Did I miss that part?


----------



## Ithrynluin (Mar 15, 2009)

Off the top of my head, I would say Morgoth was not ready for an assault on Doriath (assuming he knew who stole the Silmaril), and he was not so far gone to abandon wisdom and prudence altogether.


----------



## Úlairi (Mar 15, 2009)

That's quite the insightful question for your first post typhoonikan.

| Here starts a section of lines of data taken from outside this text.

(* Let $M$ be a monoid, let $b_0,\dots,b_l,a,h\in M$ with $a$ and $h$ invertible, and suppose that $a^{-s}ha^s$ commutes with every $b_i$ for all $s\in\mathbb{Z}$. For integers $n_1,\dots,n_l$ put $u(t)=b_0t^{n_1}b_1t^{n_2}\cdots t^{n_l}b_l$ and $k=\sum_i n_i$. Then $$u(ah)=\begin{cases}\big(\prod_{j=1}^{k}a^{j}ha^{-j}\big)\,u(a) & \text{if } k>0,\\ \big(\prod_{j=0}^{-1-k}a^{-j}h^{-1}a^{j}\big)\,u(a) & \text{if } k<0,\\ u(a) & \text{if } k=0,\end{cases}$$ where the products are taken in increasing order of $j$. *)

theory Defs
  imports "HOL-Algebra.Group"
begin

definition oprod :: "('a, 'b) monoid_scheme \<Rightarrow> (int \<Rightarrow> 'a) \<Rightarrow> int list \<Rightarrow> 'a" where
  "oprod G f js = foldr (\<lambda>j acc. f j \<otimes>\<^bsub>G\<^esub> acc) js \<one>\<^bsub>G\<^esub>"

fun word :: "('a, 'b) monoid_scheme \<Rightarrow> (nat \<Rightarrow> 'a) \<Rightarrow> (nat \<Rightarrow> int) \<Rightarrow> nat \<Rightarrow> 'a \<Rightarrow> 'a" where
  "word G b n 0 t = b 0"
| "word G b n (Suc l) t = word G b n l t \<otimes>\<^bsub>G\<^esub> (t [^]\<^bsub>G\<^esub> n (Suc l)) \<otimes>\<^bsub>G\<^esub> b (Suc l)"

end

theory Submission
  imports Defs "HOL-Algebra.Ring"
begin

text \<open>Put Q(z) = (a h)^z a^-z, so that (a h)^z = Q(z) a^z. Q satisfies the cocycle rule
  Q(s + t) = Q(s) (a^s Q(t) a^-s); hence Q(k) is the ordered product of the conjugates a^j h a^-j
  (k > 0) or a^-j h^-1 a^j (k < 0), and every conjugate a^s Q(t) a^-s commutes with the b_i.
  In u(a h) each factor Q(n_i) can thus be moved to the front past the prefix b_0 a^n_1 ... b_(i-1),
  which conjugates it by a^(n_1 + ... + n_(i-1)), and the cocycle rule collects these conjugates
  into Q(k).\<close>

context monoid begin

lemma int_pow_units_of:
  assumes "x \<in> Units G"
  shows "x [^]\<^bsub>units_of G\<^esub> (z::int) = x [^] z"
proof -
  interpret U: group "units_of G" by (rule units_group)
  have "x [^] (k::nat) \<in> Units G" for k
    using U.nat_pow_closed[of x k] assms by (simp add: units_of_carrier units_of_pow)
  then show ?thesis
    using assms unfolding int_pow_def2[where G = "units_of G"] int_pow_def2[where G = G]
    by (simp add: units_of_pow units_of_inv del: pow_nat)
qed

lemma Units_int_pow_closed [simp]: "x \<in> Units G \<Longrightarrow> x [^] (z::int) \<in> Units G"
  using group.int_pow_closed[OF units_group, of x z] by (simp add: int_pow_units_of units_of_carrier)

lemma Units_int_pow_1 [simp]: "x \<in> Units G \<Longrightarrow> x [^] (1::int) = x"
  using int_pow_int[of G x 1] by (simp add: Units_closed)

lemma Units_int_pow_mult:
  "x \<in> Units G \<Longrightarrow> x [^] (i + j :: int) = x [^] i \<otimes> x [^] j"
  using group.int_pow_mult[OF units_group, of x i j] by (simp add: int_pow_units_of units_of_carrier units_of_mult)

lemma Units_int_pow_neg:
  "x \<in> Units G \<Longrightarrow> x [^] (- i :: int) = inv (x [^] i)"
  using group.int_pow_neg[OF units_group, of x i]
  by (simp add: int_pow_units_of units_of_carrier units_of_inv)

lemma Units_inv_mult:
  "x \<in> Units G \<Longrightarrow> y \<in> Units G \<Longrightarrow> inv (x \<otimes> y) = inv y \<otimes> inv x"
  using group.inv_mult_group[OF units_group, of x y]
  by (simp add: units_of_carrier units_of_inv units_of_mult)

lemma Units_int_pow_conj_inv:
  assumes "a \<in> Units G" "h \<in> Units G"
  shows "inv (a [^] (s::int) \<otimes> h \<otimes> a [^] (- s)) = a [^] s \<otimes> inv h \<otimes> a [^] (- s)"
proof -
  have "inv (a [^] (- s)) = a [^] s"
    using Units_int_pow_neg[OF assms(1), of "- s"] by simp
  then show ?thesis
    using assms by (simp add: Units_inv_mult Units_int_pow_neg m_assoc Units_closed)
qed

lemma Units_int_pow_conj_conj:
  assumes "a \<in> Units G" "y \<in> carrier G"
  shows "a [^] (s::int) \<otimes> (a [^] (t::int) \<otimes> y \<otimes> a [^] (- t)) \<otimes> a [^] (- s)
    = a [^] (s + t) \<otimes> y \<otimes> a [^] (- (s + t))"
proof -
  have "a [^] (- (s + t)) = a [^] (- t) \<otimes> a [^] (- s)"
    using Units_int_pow_mult[OF assms(1), of "- t" "- s"] by (simp add: add.commute)
  then show ?thesis
    using assms by (simp add: Units_int_pow_mult m_assoc Units_closed)
qed

lemma Units_int_pow_mult_conj:
  assumes "a \<in> Units G" "y \<in> carrier G"
  shows "a [^] (t::int) \<otimes> y = (a [^] t \<otimes> y \<otimes> a [^] (- t)) \<otimes> a [^] t"
proof -
  have "a [^] (- t) \<otimes> a [^] t = \<one>"
    using Units_int_pow_mult[OF assms(1), of "- t" t] by simp
  then show ?thesis
    using assms by (simp add: m_assoc Units_closed)
qed

end

definition pow_ratio :: "('a, 'b) monoid_scheme \<Rightarrow> 'a \<Rightarrow> 'a \<Rightarrow> int \<Rightarrow> 'a" where
  "pow_ratio G a h z = (a \<otimes>\<^bsub>G\<^esub> h) [^]\<^bsub>G\<^esub> z \<otimes>\<^bsub>G\<^esub> a [^]\<^bsub>G\<^esub> (- z)"

context monoid begin

lemma pow_ratio_Units:
  "a \<in> Units G \<Longrightarrow> h \<in> Units G \<Longrightarrow> pow_ratio G a h z \<in> Units G"
  by (simp add: pow_ratio_def)

lemma int_pow_mult_eq_pow_ratio:
  assumes "a \<in> Units G" "h \<in> Units G"
  shows "(a \<otimes> h) [^] z = pow_ratio G a h z \<otimes> a [^] z"
proof -
  have "a [^] (- z) \<otimes> a [^] z = \<one>"
    using Units_int_pow_mult[OF assms(1), of "- z" z] by simp
  then show ?thesis
    using assms by (simp add: pow_ratio_def m_assoc Units_closed)
qed

lemma pow_ratio_0 [simp]: "pow_ratio G a h 0 = \<one>"
  by (simp add: pow_ratio_def)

> _The Silmarillion: Quenta Silmarillion (The History of the Silmarils) - Chapter XIX: Of Beren and Lúthien_
> 
> *Then they *[Thorondor and his vassals] *lifted up Lúthien and Beren from the earth, and bore them aloft into the clouds. Below them suddenly thunder rolled, lightnings leaped upward, and the mountains quaked. Fire and smoke belched from Thangorodrim, and flaming bolts were hurled far abroad, falling ruinous upon the lands; and the Noldor in Hithlum trembled.*


 
It appears that Morgoth may not just have been mad; but livid, furious...

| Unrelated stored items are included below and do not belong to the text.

lemma exists_bet_gain_nonneg_if_all_constituents:
  assumes "J \<noteq> {}" "\<forall>j\<in>J. 0 \<le> p j \<and> p j \<le> 1"
    and constituent: "\<And>A. \<exists>\<omega>. \<forall>j\<in>J. \<omega> \<in> H j \<and> (\<omega> \<in> E j \<longleftrightarrow> j \<in> A)"
  shows "\<exists>\<omega>\<in>(\<Union>j\<in>J. H j). 0 \<le> bet_gain E H p J s \<omega>"
proof -
  obtain \<omega> where \<omega>: "\<forall>j\<in>J. \<omega> \<in> H j \<and> (\<omega> \<in> E j \<longleftrightarrow> 0 \<le> s j)"
    using constituent[of "{j. 0 \<le> s j}"] by auto
  have "0 \<le> s j * of_bool (\<omega> \<in> H j) * (of_bool (\<omega> \<in> E j) - p j)" if "j \<in> J" for j
    using \<omega> assms(2) that by (cases "0 \<le> s j") (simp_all add: mult_nonpos_nonneg)
  then have "0 \<le> bet_gain E H p J s \<omega>" unfolding bet_gain_def by (rule sum_nonneg)
  moreover have "\<omega> \<in> (\<Union>j\<in>J. H j)" using \<omega> \<open>J \<noteq> {}\<close> by blast
  ultimately show ?thesis by blast
qed

text \<open>\<open>A\<close> and \<open>B\<close> are the sets of indices \<open>i \<in> {1..k}\<close> for which \<open>E i\<close>, resp. \<open>H i\<close>, holds in the
  constituent, and \<open>s 0\<close> is the stake on the quasi disjunction. The constituent lies in
  \<open>H\<^sub>1 \<or> \<dots> \<or> H\<^sub>k\<close> iff \<open>B\<close> meets \<open>{1..k}\<close>.\<close>

definition constituent_gain ::
    "nat \<Rightarrow> (nat \<Rightarrow> real) \<Rightarrow> real \<Rightarrow> (nat \<Rightarrow> real) \<Rightarrow> nat set \<Rightarrow> nat set \<Rightarrow> real" where
  "constituent_gain k p z s A B =
     s 0 * (of_bool (A \<inter> B \<inter> {1..k} \<noteq> {}) - z)
     + (\<Sum>j=1..k. s j * of_bool (j \<in> B) * (of_bool (j \<in> A) - p j))"

lemma constituent_gain_cong:
  assumes "A \<inter> {1..k} = A' \<inter> {1..k}" "B \<inter> {1..k} = B' \<inter> {1..k}"
  shows "constituent_gain k p z s A B = constituent_gain k p z s A' B'"
proof -
  have "A \<inter> B \<inter> {1..k} = A' \<inter> B' \<inter> {1..k}" using assms by blast
  moreover have "j \<in> A \<longleftrightarrow> j \<in> A'" "j \<in> B \<longleftrightarrow> j \<in> B'" if "j \<in> {1..k}" for j
    using assms that by blast+
  ultimately show ?thesis
    unfolding constituent_gain_def by (intro arg_cong2[where f = "(+)"] sum.cong) simp_all
qed

lemma constituent_gain_all_conditioning:
  "constituent_gain k p z s A {1..k}
     = s 0 * (of_bool (A \<inter> {1..k} \<noteq> {}) - z) + (\<Sum>j=1..k. s j * (of_bool (j \<in> A) - p j))"
  unfolding constituent_gain_def by (simp add: Int_absorb2)

lemma constituent_gain_single_conditioning:
  assumes "i \<in> {1..k}"
  shows "constituent_gain k p z s {} {i} = - s 0 * z - s i * p i"
proof -
  have "(\<Sum>j=1..k. s j * of_bool (j \<in> {i}) * (of_bool (j \<in> {}) - p j))
      = (\<Sum>j=1..k. if j = i then - s j * p j else 0)"
    by (rule sum.cong) auto
  with assms show ?thesis unfolding constituent_gain_def by simp
qed

lemma UN_qdH:
  assumes "0 \<in> J" "J \<subseteq> {0..k}"
  shows "(\<Union>j\<in>J. qdH H k j) = (\<Union>i\<in>{1..k}. H i)"
proof -
  have "qdH H k j \<subseteq> (\<Union>i\<in>{1..k}. H i)" if "j \<in> J" for j
    using that assms(2) by (cases "j = 0") (force simp: qdH_def)+
  moreover have "qdH H k 0 = (\<Union>i\<in>{1..k}. H i)" by (simp add: qdH_def)
  ultimately show ?thesis using assms(1) by blast
qed

lemma bet_gain_qd_eq_constituent_gain:
  assumes "\<omega> \<in> (\<Union>i\<in>{1..k}. H i)"
  shows "bet_gain (qdE E H k) (qdH H k) (qdP p z) {0..k} s \<omega>
       = constituent_gain k p z s {i. \<omega> \<in> E i} {i. \<omega> \<in> H i}"
proof -
  have "{0..k} = insert 0 {1..k}" by auto
  moreover have "(\<omega> \<in> (\<Union>i\<in>{1..k}. E i \<inter> H i)) \<longleftrightarrow> {i. \<omega> \<in> E i} \<inter> {i. \<omega> \<in> H i} \<inter> {1..k} \<noteq> {}"
    by blast
  ultimately show ?thesis
    using assms unfolding bet_gain_def constituent_gain_def
    by (simp add: qdE_def qdH_def qdP_def)
qed

definition qd_avoids_sure_loss :: "nat \<Rightarrow> (nat \<Rightarrow> real) \<Rightarrow> real \<Rightarrow> bool" where
  "qd_avoids_sure_loss k p z \<longleftrightarrow>
     (\<forall>s. \<exists>A B. B \<inter> {1..k} \<noteq> {} \<and> 0 \<le> constituent_gain k p z s A B)"

lemma coherent_qd_imp_avoids_sure_loss:
  assumes "coherent (qdE E H k) (qdH H k) (qdP p z) {0..k}"
  shows "qd_avoids_sure_loss k p z"
  unfolding qd_avoids_sure_loss_def
proof
  fix s
  have "\<exists>\<omega>\<in>(\<Union>j\<in>{0..k}. qdH H k j). 0 \<le> bet_gain (qdE E H k) (qdH H k) (qdP p z) {0..k} s \<omega>"
    by (rule assms[unfolded coherent_iff_bet_gain, rule_format]) auto
  then obtain \<omega> where \<omega>: "\<omega> \<in> (\<Union>i\<in>{1..k}. H i)"
    and gain: "0 \<le> bet_gain (qdE E H k) (qdH H k) (qdP p z) {0..k} s \<omega>"
    using UN_qdH[of "{0..k}" k H] by auto
  have "{i. \<omega> \<in> H i} \<inter> {1..k} \<noteq> {}" using \<omega> by blast
  moreover have "0 \<le> constituent_gain k p z s {i. \<omega> \<in> E i} {i. \<omega> \<in> H i}"
    using gain by (simp only: bet_gain_qd_eq_constituent_gain[OF \<omega>])
  ultimately show "\<exists>A B. B \<inter> {1..k} \<noteq> {} \<and> 0 \<le> constituent_gain k p z s A B"
    by (intro exI conjI)
qed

The second part of your question is a little difficult to explain within the confines of _The Silmarillion._



> _The History of Middle-earth X: Morgoth's Ring - Myths Transformed: VII (iii)_
> 
> *The war *[the War of Wrath] *was successful, and ruin was limited to the small (if beautiful) region of Beleriand. Morgoth was thus actually made captive in physical form, and in that form taken as a mere criminal to Aman and delivered to Námo Mandos as judge - and executioner. He was judged, and eventually taken out of the Blessed Realm and executed: that is killed like one of the Incarnates. It was then made plain (though it must have been understood beforehand by Manwë and Námo) that, though he had 'disseminated' his power (his evil and possessive and rebellious will) far and wide into the matter of Arda, he had lost direct control of this, and all that 'he', as a surviving remnant of integral being, retained as 'himself' and under control was the terribly shrunken and reduced spirit that inhabited his self-imposed (but now beloved) body.*
> 
> ...


 
To manifest a firm stranglehold over Arda, Melkor was compelled to disperse his own being into the flesh of Arda - the Earth itself. This is how the Orcs are wrought into being through the adulteration, corruption and perversion of Elves, and perhaps even Men. Melkor then devises Dragons and Wolves, such as Carcaroth, as agents of his will to do his bidding. Through the squandering of his own being into his thralls Melkor becomes physically bound to Arda and cannot assume the natural form of the Ainur. He eventually becomes imprisoned in the flesh he clothed himself in. As a result Melkor can be slain; he knows this and is deftly afraid of it. This is why he wages war through his slaves, and why he is always devising newer and more terrible devices to achieve his own ends. We see many examples in _The Silmarillion _itself:



> _The Silmarillion: Quenta Silmarillion (The History of the Silmarils) - Chapter IX: Of the Flight of the Noldor_
> 
> *But Ungoliant had grown great, and he less by the power that had gone out of him...*
> 
> ...


 
As can be seen, there's a myriad of instances where there are descriptions of Morgoth expending his own inherent being into the spirits and the flesh of his agents. This is why the battle with Fingolfin is the last time that Morgoth came personally to battle:



> _The Silmarillion: Quenta Silmarillion (The History of the Silmarils) - Chapter XIX: Of Beren and Lúthien_
> 
> *Thus he *[Fingolfin] *came alone to Angband's gates, and he sounded his horn, and smote once more upon the brazen doors, and challenged Morgoth to come forth in single combat. And Morgoth came.*
> 
> *That was the last time in those wars that he passed the doors of his stronghold, and it is said that he took not the challenge willingly; for though his might was greatest of all things in the world, alone of the Valar he knew fear.*


 
Short answer: Morgoth was afraid of being slain. And his fears were justified. This is why Carcaroth, being filled with the spirit and power of Morgoth, assumably retrieved the Silmaril for Morgoth; but the Silmaril seared the flesh of Carcaroth and sent him insane.

*Cheers,*

*Úlairi.*


----------



## typhoonikan (Mar 17, 2009)

Thank you for your awesome replies!
Very insightful and informative.
Much appreciated!


----------